▶ _Required work_
Beneath this line are the data; copy exactly the part of them that opens with the line containing "add: hnorm_square ip_diff_right)" and closes with the line containing "(\<forall>x. X x", and only that part.
*** Opening of Data for this task ***
lemma range_closure_add:
  assumes B: "bounded_op sc ip A" and "z\<^sub>1 \<in> range_closure ip A" "z\<^sub>2 \<in> range_closure ip A"
  shows "z\<^sub>1 + z\<^sub>2 \<in> range_closure ip A"
  unfolding range_closure_def
proof (intro CollectI allI impI)
  fix e :: real
  assume "0 < e"
  then have "0 < e/2" by simp
  then obtain u\<^sub>1 u\<^sub>2 where u: "hnorm ip (z\<^sub>1 - A u\<^sub>1) < e/2" "hnorm ip (z\<^sub>2 - A u\<^sub>2) < e/2"
    using assms(2,3) unfolding range_closure_def by blast
  have "z\<^sub>1 + z\<^sub>2 - A (u\<^sub>1 + u\<^sub>2) = (z\<^sub>1 - A u\<^sub>1) + (z\<^sub>2 - A u\<^sub>2)"
    using B by (simp add: bounded_op_add algebra_simps)
  then have "hnorm ip (z\<^sub>1 + z\<^sub>2 - A (u\<^sub>1 + u\<^sub>2)) \<le> hnorm ip (z\<^sub>1 - A u\<^sub>1) + hnorm ip (z\<^sub>2 - A u\<^sub>2)"
    by (simp only: hnorm_triangle)
  then show "\<exists>u. hnorm ip (z\<^sub>1 + z\<^sub>2 - A u) < e"
    using u by (intro exI[of _ "u\<^sub>1 + u\<^sub>2"]) linarith
qed

lemma range_closure_sc:
  assumes B: "bounded_op sc ip A" and z: "z \<in> range_closure ip A"
  shows "sc a z \<in> range_closure ip A"
  unfolding range_closure_def
proof (intro CollectI allI impI)
  fix e :: real
  assume "0 < e"
  then have "0 < e / (cmod a + 1)" by (simp add: add_nonneg_pos)
  then obtain u where u: "hnorm ip (z - A u) < e / (cmod a + 1)"
    using z unfolding range_closure_def by blast
  have "hnorm ip (sc a z - A (sc a u)) = cmod a * hnorm ip (z - A u)"
    using B by (simp add: bounded_op_sc sc_diff_right[symmetric] hnorm_sc)
  also have "\<dots> \<le> (cmod a + 1) * hnorm ip (z - A u)" by (simp add: mult_right_mono)
  also have "\<dots> < e" using u by (simp add: pos_less_divide_eq add_nonneg_pos mult.commute)
  finally show "\<exists>u. hnorm ip (sc a z - A u) < e" by blast
qed

lemma range_closure_limit:
  assumes f: "\<And>n. f n \<in> range_closure ip A" and l: "(\<lambda>n. hnorm ip (f n - l)) \<longlonglongrightarrow> 0"
  shows "l \<in> range_closure ip A"
  unfolding range_closure_def
proof (intro CollectI allI impI)
  fix e :: real
  assume "0 < e"
  then have "0 < e/2" by simp
  then obtain n where n: "hnorm ip (f n - l) < e/2"
    using LIMSEQ_D[OF l] by fastforce
  obtain u where u: "hnorm ip (f n - A u) < e/2"
    using f \<open>0 < e/2\<close> unfolding range_closure_def by blast
  have "hnorm ip (l - A u) \<le> hnorm ip (l - f n) + hnorm ip (f n - A u)"
    using hnorm_triangle[of "l - f n" "f n - A u"] by simp
  then show "\<exists>u. hnorm ip (l - A u) < e"
    using n u hnorm_commute[of l "f n"] by (intro exI[of _ u]) linarith
qed

lemma closed_subspace_range_closure:
  assumes "bounded_op sc ip A"
  shows "closed_subspace (range_closure ip A)"
proof -
  have "0 \<in> range_closure ip A" using range_closure_image[of A 0] bounded_op_zero[OF assms] by simp
  then show ?thesis
    unfolding closed_subspace_def
    using range_closure_add[OF assms] range_closure_sc[OF assms] range_closure_limit by blast
qed

lemma range_closure_kernel_trivial:
  assumes P: "positive_op sc ip A" and z: "z \<in> range_closure ip A" and kernel: "\<And>y. ip (A z) y = 0"
  shows "z = 0"
proof (rule ccontr)
  assume "z \<noteq> 0"
  then have "hnorm ip z \<noteq> 0" by simp
  then have pos: "0 < hnorm ip z" using hnorm_nonneg[of z] by linarith
  then have "0 < hnorm ip z / 2" by simp
  then obtain u where u: "hnorm ip (z - A u) < hnorm ip z / 2"
    using z unfolding range_closure_def by blast
  have "ip z (A u) = 0" using kernel[of u] positive_op_selfadjoint[OF P] by simp
  then have "(hnorm ip z)\<^sup>2 = Re (ip z (z - A u))" by (simp add: hnorm_square ip_diff_right)
  also have "\<dots> \<le> hnorm ip z * hnorm ip (z - A u)"
    using hnorm_cauchy_schwarz complex_Re_le_cmod order_trans by blast
  also have "\<dots> < hnorm ip z * (hnorm ip z / 2)" by (rule mult_strict_left_mono[OF u pos])
  finally show False using pos by (simp add: power2_eq_square)
qed

definition reduced_solution :: "('a \<Rightarrow> 'a) \<Rightarrow> ('a \<Rightarrow> 'a) \<Rightarrow> ('a \<Rightarrow> 'a) \<Rightarrow> bool" where
  "reduced_solution A T X \<longleftrightarrow> bounded_op sc ip X \<and> (\<forall>x y. ip (A (X x)) y = ip (A x) (T y)) \<and>
     (\<forall>x. X x \<in> range_closure ip A)"

lemma sharpA_eq_The_reduced_solution: "sharpA sc ip A T = (THE X. reduced_solution A T X)"
  by (simp add: sharpA_def reduced_solution_def range_closure_def)

lemma reduced_solution_exists:
  assumes P: "positive_op sc ip A" and T: "T \<in> BA sc ip A"
  obtains X where "reduced_solution A T X"
proof -
  have B: "bounded_op sc ip A" using P by (rule positive_op_bounded)
  obtain R where R: "bounded_op sc ip R" and adjoint: "\<And>x y. ip (A (T x)) y = ip (A x) (R y)"
    using T by (auto simp: BA_def)
  obtain Proj where Proj: "bounded_op sc ip Proj" "\<And>y. Proj y \<in> range_closure ip A"
    and orth: "\<And>y m. m \<in> range_closure ip A \<Longrightarrow> ip (y - Proj y) m = 0"
    using orthogonal_projection_exists[OF closed_subspace_range_closure[OF B]] by blast
  have "ip (A (Proj (R x))) y = ip (A x) (T y)" for x y
  proof -
    have "ip (A (Proj (R x))) y = ip (Proj (R x)) (A y)" by (rule positive_op_selfadjoint[OF P])
    also have "\<dots> = ip (R x) (A y)"
      using orth[OF range_closure_image[of A y], of "R x"] by (simp add: ip_diff_left)
    also have "\<dots> = ip (A (R x)) y" by (rule positive_op_selfadjoint[OF P, symmetric])
    also have "\<dots> = ip (A x) (T y)" by (rule A_adjoint_sym[of A T R, OF P adjoint])
    finally show ?thesis .
  qed
  then have "reduced_solution A T (\<lambda>x. Proj (R x))"
    using bounded_op_comp[OF Proj(1) R] Proj(2) by (simp add: reduced_solution_def)
  then show thesis by (rule that)
qed

lemma reduced_solution_unique:
  assumes P: "positive_op sc ip A"
    and "reduced_solution A T X\<^sub>1" "reduced_solution A T X\<^sub>2"
  shows "X\<^sub>1 = X\<^sub>2"
proof
  fix x
  have B: "bounded_op sc ip A" using P by (rule positive_op_bounded)
  have "X\<^sub>1 x - X\<^sub>2 x = 0"
  proof (rule range_closure_kernel_trivial[OF P])
    have "X\<^sub>1 x \<in> range_closure ip A" "X\<^sub>2 x \<in> range_closure ip A"
      using assms(2,3) by (simp_all add: reduced_solution_def)
    then show "X\<^sub>1 x - X\<^sub>2 x \<in> range_closure ip A"
      by (rule closed_subspace_diff[OF closed_subspace_range_closure[OF B]])
    show "ip (A (X\<^sub>1 x - X\<^sub>2 x)) y = 0" for y
      using assms(2,3) by (simp add: reduced_solution_def bounded_op_diff[OF B] ip_diff_left)
  qed
  then show "X\<^sub>1 x = X\<^sub>2 x" by simp
qed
*** Close of Data for this task ***
▶ _Answer to this task_
  then have "(hnorm ip z)\<^sup>2 = Re (ip z (z - A u))" by (simp add: hnorm_square ip_diff_right)
  also have "\<dots> \<le> hnorm ip z * hnorm ip (z - A u)"
    using hnorm_cauchy_schwarz complex_Re_le_cmod order_trans by blast
  also have "\<dots> < hnorm ip z * (hnorm ip z / 2)" by (rule mult_strict_left_mono[OF u pos])
  finally show False using pos by (simp add: power2_eq_square)
qed

definition reduced_solution :: "('a \<Rightarrow> 'a) \<Rightarrow> ('a \<Rightarrow> 'a) \<Rightarrow> ('a \<Rightarrow> 'a) \<Rightarrow> bool" where
  "reduced_solution A T X \<longleftrightarrow> bounded_op sc ip X \<and> (\<forall>x y. ip (A (X x)) y = ip (A x) (T y)) \<and>
     (\<forall>x. X x \<in> range_closure ip A)"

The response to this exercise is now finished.